## Required work
In the data below, which lines hold "also"? Copy every one.

## Exercise input
lemma bind_pmf_list_map_shuffle:
  "bind_pmf (pmf_list (map shuffle xss)) (\<lambda>zs. shuffle (concat zs)) = shuffle (concat xss)"
proof -
  have "mset (concat zs) = mset (concat xss)" if "zs \<in> set_pmf (pmf_list (map shuffle xss))" for zs
    using that by (induction xss arbitrary: zs) (auto dest: mset_of_set_pmf_shuffle)
  then show ?thesis
    by (subst bind_pmf_cong[OF refl, where g = "\<lambda>_. shuffle (concat xss)"])
       (auto intro: shuffle_cong_mset)
qed

lemma shuffled_compose_rand:
  "shuffled (compose_rand R T) X
     = bind_pmf (pmf_list (map (\<lambda>t. shuffled (R t) X) [0..<T])) (\<lambda>zs. shuffle (concat zs))"
proof -
  define A where "A = map (\<lambda>x. map (\<lambda>t. R t x) [0..<T]) X"
  have A: "\<forall>r\<in>set A. length r = T"
    by (simp add: A_def)
  let ?S = "\<lambda>N. shuffle (concat (map concat N))"
  have "map (\<lambda>t. shuffled (R t) X) [0..<T]
      = map (\<lambda>p. bind_pmf p (\<lambda>yss. shuffle (concat yss))) (map pmf_list (columns T A))"
    by (simp add: shuffled_def columns_def A_def o_def)
  then have "bind_pmf (pmf_list (map (\<lambda>t. shuffled (R t) X) [0..<T])) (\<lambda>zs. shuffle (concat zs))
      = bind_pmf (pmf_list (map pmf_list (columns T A)))
          (\<lambda>N. bind_pmf (pmf_list (map shuffle (map concat N))) (\<lambda>zs. shuffle (concat zs)))"
    by (simp only: pmf_list_map_bind_pmf bind_assoc_pmf) (simp add: o_def)
  also have "\<dots> = bind_pmf (pmf_list (map pmf_list (columns T A))) ?S"
    by (simp only: bind_pmf_list_map_shuffle)
  also have "\<dots> = bind_pmf (pmf_list (map pmf_list A)) (\<lambda>N. ?S (columns T N))"
    by (simp add: pmf_list_columns[OF A] bind_map_pmf)
  also have "\<dots> = bind_pmf (pmf_list (map pmf_list A)) ?S"
    using A by (intro bind_pmf_cong refl shuffle_cong_mset mset_concat_columns)
       (rule rows_length_of_set_pmf_list)
  also have "\<dots> = shuffled (compose_rand R T) X"
  proof -
    have "map (compose_rand R T) X = map (map_pmf concat) (map pmf_list A)"
      by (simp add: compose_rand_def A_def)
    then show ?thesis
      by (simp only: shuffled_def pmf_list_map_map_pmf bind_map_pmf o_def)
  qed
  finally show ?thesis ..
qed

section \<open>Sub-distributions\<close>

abbreviation total_mass :: "('a \<Rightarrow> real) \<Rightarrow> ennreal" where
  "total_mass f \<equiv> \<integral>\<^sup>+y. ennreal (f y) \<partial>count_space UNIV"

lemma total_mass_pmf: "total_mass (pmf p) = 1"
  by (simp add: nn_integral_pmf)

lemma total_mass_pmf_indicator: "total_mass (\<lambda>y. pmf p y * indicator A y) = measure_pmf.prob p A"
proof -
  have "total_mass (\<lambda>y. pmf p y * indicator A y) = (\<integral>\<^sup>+y. indicator A y \<partial>measure_pmf p)"
    by (simp add: nn_integral_measure_pmf indicator_mult_ennreal mult.commute)
  then show ?thesis
    by (simp add: measure_pmf.emeasure_eq_measure)
qed

lemma total_mass_le_pmf:
  assumes "\<And>y. f y \<le> pmf p y"
  shows "total_mass f \<le> 1"
proof -
  have "total_mass f \<le> total_mass (pmf p)"
    using assms by (intro nn_integral_mono ennreal_leI)
  then show ?thesis
    by (simp add: total_mass_pmf)
qed

lemma total_mass_real_le_pmf:
  assumes "\<And>y. f y \<le> pmf p y"
  obtains r where "total_mass f = ennreal r" "0 \<le> r" "r \<le> 1"
proof -
  have "total_mass f \<le> 1"
    using assms by (rule total_mass_le_pmf)
  then show thesis
    by (cases "total_mass f") (auto intro: that simp: ennreal_le_1 top_unique)
qed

## Response box
  also have "\<dots> = bind_pmf (pmf_list (map pmf_list (columns T A))) ?S"
  also have "\<dots> = bind_pmf (pmf_list (map pmf_list A)) (\<lambda>N. ?S (columns T N))"
  also have "\<dots> = bind_pmf (pmf_list (map pmf_list A)) ?S"
  also have "\<dots> = shuffled (compose_rand R T) X"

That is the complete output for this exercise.